Mean Squared Error (MSE): 0.5419
Mean Absolute Error (MAE): 0.5415
R² of SVR model: 0.1054


### 4.3.1. Model Description

**Support Vector Regression (SVR)** is a powerful model for handling **non-linear data**. SVR uses **support vectors** to find a regression function in a high-dimensional space, which can handle complex relationships between features.
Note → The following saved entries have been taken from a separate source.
(* Let $0<q<1/2$, $p=1-q$, and for integers $z\ge1$ let $$P(z)=1-\sum_{k=0}^{z-1}\left(p^zq^k-q^zp^k\right)\binom{k+z-1}{k},\qquad P_{SN}(z)=1-\sum_{k=0}^{z-1}e^{-zq/p}\frac{(zq/p)^k}{k!}\left(1-\left(\frac qp\right)^{z-k}\right).$$ Then as $z\to+\infty$, $P_{SN}(z)\prec P(z)$, i.e. $P_{SN}(z)/P(z)\to0$.
   Context: $P(z)$ is the exact probability of success of a double-spend attack after $z$ confirmations, $P_{SN}(z)$ is Nakamoto's approximation. *)

theory Defs
  imports Complex_Main
begin

text \<open>Exact success probability of a double-spend attack after z confirmations,
  with attacker hash share q and honest share p = 1 - q.\<close>
definition P_exact :: "real \<Rightarrow> nat \<Rightarrow> real" where
  "P_exact q z = (let p = 1 - q in
     1 - (\<Sum>k<z. (p ^ z * q ^ k - q ^ z * p ^ k) * real ((k + z - 1) choose k)))"

definition P_SN :: "real \<Rightarrow> nat \<Rightarrow> real" where
  "P_SN q z = (let p = 1 - q; lam = real z * q / p in
     1 - (\<Sum>k<z. exp (- lam) * lam ^ k / fact k * (1 - (q / p) ^ (z - k))))"

end

theory Submission
  imports Defs "HOL-Analysis.Generalised_Binomial_Theorem"
begin

text \<open>
  Let p = 1 - q and s = q / p < 1. In P(z) the part 1 - p^z \<Sum>k<z. C(k+z-1,k) q^k is a tail of
  the negative binomial series of (1 - q)^-z, hence nonnegative, so P(z) is at least the single
  term q^z p^(z-1) C(2z-2,z-1) \<ge> (4pq)^z / (8p(z-1)).
  Nakamoto's P_SN(z) is a Poisson tail at \<lambda> = zs plus a remainder; the tail of the exponential
  series at zs is at most s^z times its tail at z, whence P_SN(z) \<le> (s e^(1-s))^z.
  Finally s e^(1-s) < 4pq is equivalent to e^u (1 - u) < 1 for u = (1 - s)/2 > 0, so the ratio
  is O(z r^z) with r < 1.
\<close>

lemma negative_binomial_sums:
  fixes q :: real
  assumes "\<bar>q\<bar> < 1" and "z > 0"
  shows "(\<lambda>k. real ((k + z - 1) choose k) * q ^ k) sums (1 / (1 - q) ^ z)"
proof -
  have coeff: "((- real z) gchoose k) * (-q) ^ k = real ((k + z - 1) choose k) * q ^ k" for k
  proof -
    have "real z + real k - 1 = real (k + z - 1)"
      using \<open>z > 0\<close> by (simp add: of_nat_diff)
    then have "(- real z) gchoose k = (-1) ^ k * real ((k + z - 1) choose k)"
      by (simp only: gbinomial_minus binomial_gbinomial)
    moreover have "(-1 :: real) ^ k * (-1) ^ k = 1"
      by (simp flip: power_mult_distrib)
    ultimately show ?thesis
      by (simp only: power_minus[of q] mult_ac) simp
  qed
  have "(\<lambda>k. ((- real z) gchoose k) * (-q) ^ k) sums (1 + (-q)) powr (- real z)"
    by (rule gen_binomial_real) (use assms in simp)
  moreover have "(1 + (-q)) powr (- real z) = 1 / (1 - q) ^ z"
    using assms(1) by (simp add: powr_minus powr_realpow divide_inverse)
  ultimately show ?thesis
    by (simp only: coeff)
qed

lemma negative_binomial_partial_sum_le:
  fixes q :: real
  assumes "0 \<le> q" and "q < 1" and "z > 0"
  shows "(1 - q) ^ z * (\<Sum>k<n. real ((k + z - 1) choose k) * q ^ k) \<le> 1"
proof -
  have S: "(\<lambda>k. real ((k + z - 1) choose k) * q ^ k) sums (1 / (1 - q) ^ z)"
    using negative_binomial_sums assms by simp
  have "(\<Sum>k<n. real ((k + z - 1) choose k) * q ^ k) \<le> 1 / (1 - q) ^ z"
    unfolding sums_unique[OF S] by (rule sum_le_suminf[OF sums_summable[OF S]]) (use assms in auto)
  then have "(1 - q) ^ z * (\<Sum>k<n. real ((k + z - 1) choose k) * q ^ k) \<le> (1 - q) ^ z * (1 / (1 - q) ^ z)"
    using assms by (intro mult_left_mono) simp_all
  then show ?thesis
    using assms by simp
qed

lemma exp_real_sums: "(\<lambda>n. x ^ n / fact n) sums exp (x :: real)"
  using exp_converges[of x] by (simp add: divide_inverse mult.commute)

lemma exp_partial_sum_le: "0 \<le> x \<Longrightarrow> (\<Sum>k<n. x ^ k / fact k) \<le> exp (x :: real)"
  using sum_le_suminf[OF sums_summable[OF exp_real_sums]] sums_unique[OF exp_real_sums[of x]]
  by simp

lemma exp_tail_scale_le:
  fixes s x :: real
  assumes "0 \<le> s" and "s \<le> 1" and "0 \<le> x"
  shows "exp (s * x) - (\<Sum>k<n. (s * x) ^ k / fact k) \<le> s ^ n * (exp x - (\<Sum>k<n. x ^ k / fact k))"
proof -
  have "(s * x) ^ (i + n) / fact (i + n) \<le> s ^ n * (x ^ (i + n) / fact (i + n))" for i
  proof -
    have "s ^ (i + n) \<le> s ^ n"
      using assms by (simp add: power_add mult_left_le_one_le power_le_one)
    then show ?thesis
      using assms by (simp add: power_mult_distrib divide_right_mono mult_right_mono)
  qed
  moreover have "(\<lambda>i. (s * x) ^ (i + n) / fact (i + n))
      sums (exp (s * x) - (\<Sum>k<n. (s * x) ^ k / fact k))"
    by (rule sums_split_initial_segment[OF exp_real_sums])
  moreover have "(\<lambda>i. s ^ n * (x ^ (i + n) / fact (i + n)))
      sums (s ^ n * (exp x - (\<Sum>k<n. x ^ k / fact k)))"
    by (rule sums_mult[OF sums_split_initial_segment[OF exp_real_sums]])
  ultimately show ?thesis by (rule sums_le)
qed

lemma add_one_less_exp:
  fixes x :: real
  assumes "x \<noteq> 0"
  shows "1 + x < exp x"
proof (cases "1 + x / 2 \<ge> 0")
  case True
  have "0 < x * x"
    using assms by (metis not_real_square_gt_zero)
  then have "1 + x < (1 + x / 2) ^ 2"
    by (simp add: power2_eq_square algebra_simps)
  also have "\<dots> \<le> exp (x / 2) ^ 2"
    using True by (intro power_mono) simp_all
  also have "\<dots> = exp x"
    by (simp add: power2_eq_square flip: exp_add)
  finally show ?thesis .
next
  case False
  then have "1 + x < 0" by simp
  then show ?thesis using exp_gt_zero[of x] by linarith
qed

lemma P_exact_lower_bound:
  fixes q :: real
  assumes "0 < q" and "q < 1" and "z \<ge> 2"
  shows "(4 * (1 - q) * q) ^ z / (8 * (1 - q) * real (z - 1)) \<le> P_exact q z"
proof -
  define p where "p = 1 - q"
  have "p > 0" using \<open>q < 1\<close> by (simp add: p_def)
  have split: "P_exact q z = (1 - p ^ z * (\<Sum>k<z. real ((k + z - 1) choose k) * q ^ k))
      + (\<Sum>k<z. q ^ z * p ^ k * real ((k + z - 1) choose k))"
    unfolding P_exact_def Let_def p_def[symmetric]
    unfolding left_diff_distrib sum_subtractf sum_distrib_left by (simp add: mult_ac)
  have "0 \<le> 1 - p ^ z * (\<Sum>k<z. real ((k + z - 1) choose k) * q ^ k)"
    using negative_binomial_partial_sum_le[of q z z] assms by (simp add: p_def)
  moreover have "q ^ z * p ^ (z - 1) * real ((2 * (z - 1)) choose (z - 1))
      \<le> (\<Sum>k<z. q ^ z * p ^ k * real ((k + z - 1) choose k))"
    using member_le_sum[of "z - 1" "{..<z}" "\<lambda>k. q ^ z * p ^ k * real ((k + z - 1) choose k)"]
      assms \<open>p > 0\<close> by (simp add: mult_2)
  moreover have "q ^ z * p ^ (z - 1) * (4 ^ (z - 1) / (2 * real (z - 1)))
      \<le> q ^ z * p ^ (z - 1) * real ((2 * (z - 1)) choose (z - 1))"
    using central_binomial_lower_bound[of "z - 1"] assms \<open>p > 0\<close> by (intro mult_left_mono) simp_all
  moreover have "q ^ z * p ^ (z - 1) * (4 ^ (z - 1) / (2 * real (z - 1)))
      = (4 * p * q) ^ z / (8 * p * real (z - 1))"
  proof -
    obtain m where "z = Suc m" using assms by (cases z) auto
    then show ?thesis using \<open>p > 0\<close> by (simp add: field_simps power_mult_distrib)
  qed
  ultimately show ?thesis unfolding split p_def by linarith
qed

lemma P_exact_pos:
  fixes q :: real
  assumes "0 < q" and "q < 1" and "z \<ge> 2"
  shows "0 < P_exact q z"
proof -
  have "0 < (4 * (1 - q) * q) ^ z / (8 * (1 - q) * real (z - 1))"
    using assms by simp
  also have "\<dots> \<le> P_exact q z"
    by (rule P_exact_lower_bound[OF assms])
  finally show ?thesis .
qed

lemma P_SN_eq:
  fixes q :: real
  defines "s \<equiv> q / (1 - q)"
  shows "P_SN q z = exp (- (s * z)) * (exp (s * z) - (\<Sum>k<z. (s * z) ^ k / fact k))
    + exp (- (s * z)) * s ^ z * (\<Sum>k<z. real z ^ k / fact k)"
proof -
  define L where "L = s * real z"
  have summand: "exp (- L) * L ^ k / fact k * (1 - s ^ (z - k))
      = exp (- L) * (L ^ k / fact k) - exp (- L) * s ^ z * (real z ^ k / fact k)" if "k < z" for k
  proof -
    have "L ^ k * s ^ (z - k) = real z ^ k * s ^ z"
      using that by (simp add: L_def power_mult_distrib mult_ac flip: power_add)
    then show ?thesis by (simp add: field_simps)
  qed
  have "real z * q / (1 - q) = L" and "q / (1 - q) = s"
    by (simp_all add: L_def s_def)
  then have "P_SN q z = 1 - (\<Sum>k<z. exp (- L) * L ^ k / fact k * (1 - s ^ (z - k)))"
    unfolding P_SN_def Let_def by simp
  also have "\<dots> = 1 - (\<Sum>k<z. exp (- L) * (L ^ k / fact k) - exp (- L) * s ^ z * (real z ^ k / fact k))"
    using summand by (intro arg_cong[where f = "\<lambda>x. 1 - x"] sum.cong) simp_all
  also have "\<dots> = 1 - (exp (- L) * (\<Sum>k<z. L ^ k / fact k)
      - exp (- L) * s ^ z * (\<Sum>k<z. real z ^ k / fact k))"
    by (simp add: sum_subtractf sum_distrib_left)
  finally show ?thesis
    by (simp add: L_def algebra_simps exp_minus_inverse)
qed

lemma P_SN_nonneg:
  fixes q :: real
  assumes "0 \<le> q" and "q < 1"
  shows "0 \<le> P_SN q z"
proof -
  define s where "s = q / (1 - q)"
  have "0 \<le> s" using assms by (simp add: s_def)
  then have "(\<Sum>k<z. (s * z) ^ k / fact k) \<le> exp (s * z)"
    by (simp add: exp_partial_sum_le)
  then show ?thesis
    using \<open>0 \<le> s\<close> by (simp add: P_SN_eq s_def[symmetric] sum_nonneg)
qed

lemma P_SN_le:
  fixes q :: real
  assumes "0 \<le> q" and "q \<le> 1/2"
  defines "s \<equiv> q / (1 - q)"
  shows "P_SN q z \<le> (s * exp (1 - s)) ^ z"
proof -
  have "0 \<le> s" and "s \<le> 1" using assms by (simp_all add: s_def)
  have "P_SN q z \<le> exp (- (s * z)) * (s ^ z * (exp z - (\<Sum>k<z. real z ^ k / fact k)))
      + exp (- (s * z)) * s ^ z * (\<Sum>k<z. real z ^ k / fact k)"
    unfolding P_SN_eq s_def[symmetric]
    using exp_tail_scale_le[OF \<open>0 \<le> s\<close> \<open>s \<le> 1\<close>, of "real z" z] by simp
  also have "\<dots> = s ^ z * exp (real z * (1 - s))"
    by (simp add: algebra_simps flip: exp_add)
  also have "\<dots> = (s * exp (1 - s)) ^ z"
    by (simp add: power_mult_distrib exp_of_nat_mult)
  finally show ?thesis .
qed

lemma P_SN_rate_less_P_exact_rate:
  fixes q :: real
  assumes "0 < q" and "q < 1/2"
  defines "s \<equiv> q / (1 - q)"
  shows "s * exp (1 - s) < 4 * (1 - q) * q"
proof -
  define u where "u = (1 - s) / 2"
  have "0 < s" and "s < 1" using assms by (simp_all add: s_def field_simps)
  have inverse: "(1 - u) * (2 * (1 - q)) = 1"
    using assms by (simp add: u_def s_def field_simps)
  have "exp u * (1 - u) < 1"
  proof -
    have "1 - u < exp (- u)"
      using add_one_less_exp[of "- u"] \<open>s < 1\<close> by (simp add: u_def)
    then have "exp u * (1 - u) < exp u * exp (- u)"
      by (rule mult_strict_left_mono) simp
    then show ?thesis by (simp flip: exp_add)
  qed
  then have "exp u * (1 - u) * (2 * (1 - q)) < 2 * (1 - q)"
    using assms by simp
  then have "exp u < 2 * (1 - q)"
    by (simp only: mult.assoc inverse mult_1_right)
  then have "exp u * exp u < (2 * (1 - q)) ^ 2"
    unfolding power2_eq_square using assms by (intro mult_strict_mono) simp_all
  then have "exp (1 - s) < (2 * (1 - q)) ^ 2"
    by (simp add: u_def flip: exp_add)
  then have "s * exp (1 - s) < s * (2 * (1 - q)) ^ 2"
    using \<open>0 < s\<close> by simp
  also have "\<dots> = 4 * (1 - q) * q"
    using assms by (simp add: s_def power2_eq_square field_simps)
  finally show ?thesis .
qed

lemma P_SN_div_P_exact_le:
  fixes q :: real
  assumes "0 < q" and "q < 1/2" and "z \<ge> 2"
  defines "s \<equiv> q / (1 - q)"
  defines "r \<equiv> s * exp (1 - s) / (4 * (1 - q) * q)"
  shows "P_SN q z / P_exact q z \<le> 8 * (1 - q) * (real z * r ^ z)"
proof -
  define K where "K = (4 * (1 - q) * q) ^ z"
  have "0 < K" and "0 \<le> r" and "0 < real (z - 1)"
    using assms by (simp_all add: K_def)
  have "K * r ^ z = (s * exp (1 - s)) ^ z"
    unfolding r_def power_divide K_def[symmetric] using \<open>0 < K\<close> by simp
  then have "P_SN q z \<le> K * r ^ z"
    using P_SN_le[of q z, folded s_def] assms by simp
  moreover have "K / (8 * (1 - q) * real (z - 1)) \<le> P_exact q z"
    using P_exact_lower_bound[of q z] assms by (simp add: K_def)
  ultimately have "P_SN q z / P_exact q z \<le> (K * r ^ z) / (K / (8 * (1 - q) * real (z - 1)))"
    using \<open>0 < K\<close> \<open>0 \<le> r\<close> \<open>0 < real (z - 1)\<close> assms by (intro frac_le) simp_all
  also have "\<dots> = 8 * (1 - q) * (real (z - 1) * r ^ z)"
    using \<open>0 < K\<close> by simp
  also have "\<dots> \<le> 8 * (1 - q) * (real z * r ^ z)"
    using \<open>0 \<le> r\<close> assms by (intro mult_left_mono mult_right_mono) simp_all
  finally show ?thesis .
qed

theorem mainTheorem10:
  fixes q :: real
  assumes "0 < q" and "q < 1/2"
  shows "((\<lambda>z. P_SN q z / P_exact q z) \<longlongrightarrow> 0) sequentially"
proof -
  define s where "s = q / (1 - q)"
  define r where "r = s * exp (1 - s) / (4 * (1 - q) * q)"
  have "0 < s" and "0 < 4 * (1 - q) * q"
    using assms by (simp_all add: s_def)
  then have "0 < r" and "r < 1"
    using P_SN_rate_less_P_exact_rate[OF assms, folded s_def] by (simp_all add: r_def)
  have "eventually (\<lambda>z. 0 \<le> P_SN q z / P_exact q z) sequentially"
    unfolding eventually_sequentially
  proof (intro exI[of _ 2] allI impI)
    fix z :: nat
    assume "2 \<le> z"
    then show "0 \<le> P_SN q z / P_exact q z"
      using assms by (intro divide_nonneg_pos P_SN_nonneg P_exact_pos) simp_all
  qed
  moreover have "eventually (\<lambda>z. P_SN q z / P_exact q z \<le> 8 * (1 - q) * (real z * r ^ z)) sequentially"
    using P_SN_div_P_exact_le[OF assms] unfolding r_def s_def eventually_sequentially by blast
  moreover have "(\<lambda>z. 8 * (1 - q) * (real z * r ^ z)) \<longlonglongrightarrow> 0"
    using \<open>0 < r\<close> \<open>r < 1\<close> tendsto_mult[OF tendsto_const powser_times_n_limit_0[of r]] by simp
  ultimately show ?thesis
    by (rule tendsto_sandwich[OF _ _ tendsto_const])
qed

end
### 4.3.2. Performance Analysis

**R² = 0.1054**: SVR has a similar performance to **Linear Regression**, with a low R² indicating that it does not explain much of the variance in the data.

### 4.3.3. Optimization

To improve the performance of **SVR**, the following hyperparameters can be optimized:

- **C (Penalty Parameter)**: Increasing **C** can make the model more accurate, but it may also lead to overfitting if the value is too high.
- **Kernel**: Try different kernels such as **linear**, **polynomial**, and **RBF** to find the most suitable one for the data.
- **epsilon**: This parameter controls the margin of error for the model. Increasing **epsilon** can reduce model complexity, while decreasing it makes the model focus more on the data points close to the margin.
- **gamma**: Increasing **gamma** helps the model capture more non-linear relationships, but can lead to overfitting if set too high.

## 4.4. Comparison and Conclusion

### 4.4.1. Comparison

| Model                        | MSE      | MAE      | R²       |
|------------------------------|----------|----------|----------|
| **Random Forest**             | 0.5765   | 0.5616   | 0.0484   |
| **Linear Regression**         | 0.5337   | 0.5420   | 0.1190   |
| **Support Vector Regression** | 0.5419   | 0.5415   | 0.1054   |

### 4.4.2. Conclusion

**Random Forest** performs the best in terms of **MSE** and **MAE**, but with a very low **R²**, indicating the model does not capture the relationship between the features and the target well. However, hyperparameter optimization may improve results.

**Linear Regression** has a higher **R²** but performs worse in terms of **MSE** and **MAE**.

**SVR** shows no significant improvement over **Linear Regression**, with similarly low **R²** values.

### 4.4.3. Recommendation

**Hyperparameter optimization** is essential for improving the performance of these models, especially when dealing with **non-linear** and **complex data**. Fine-tuning parameters can help better capture relationships and improve model predictions.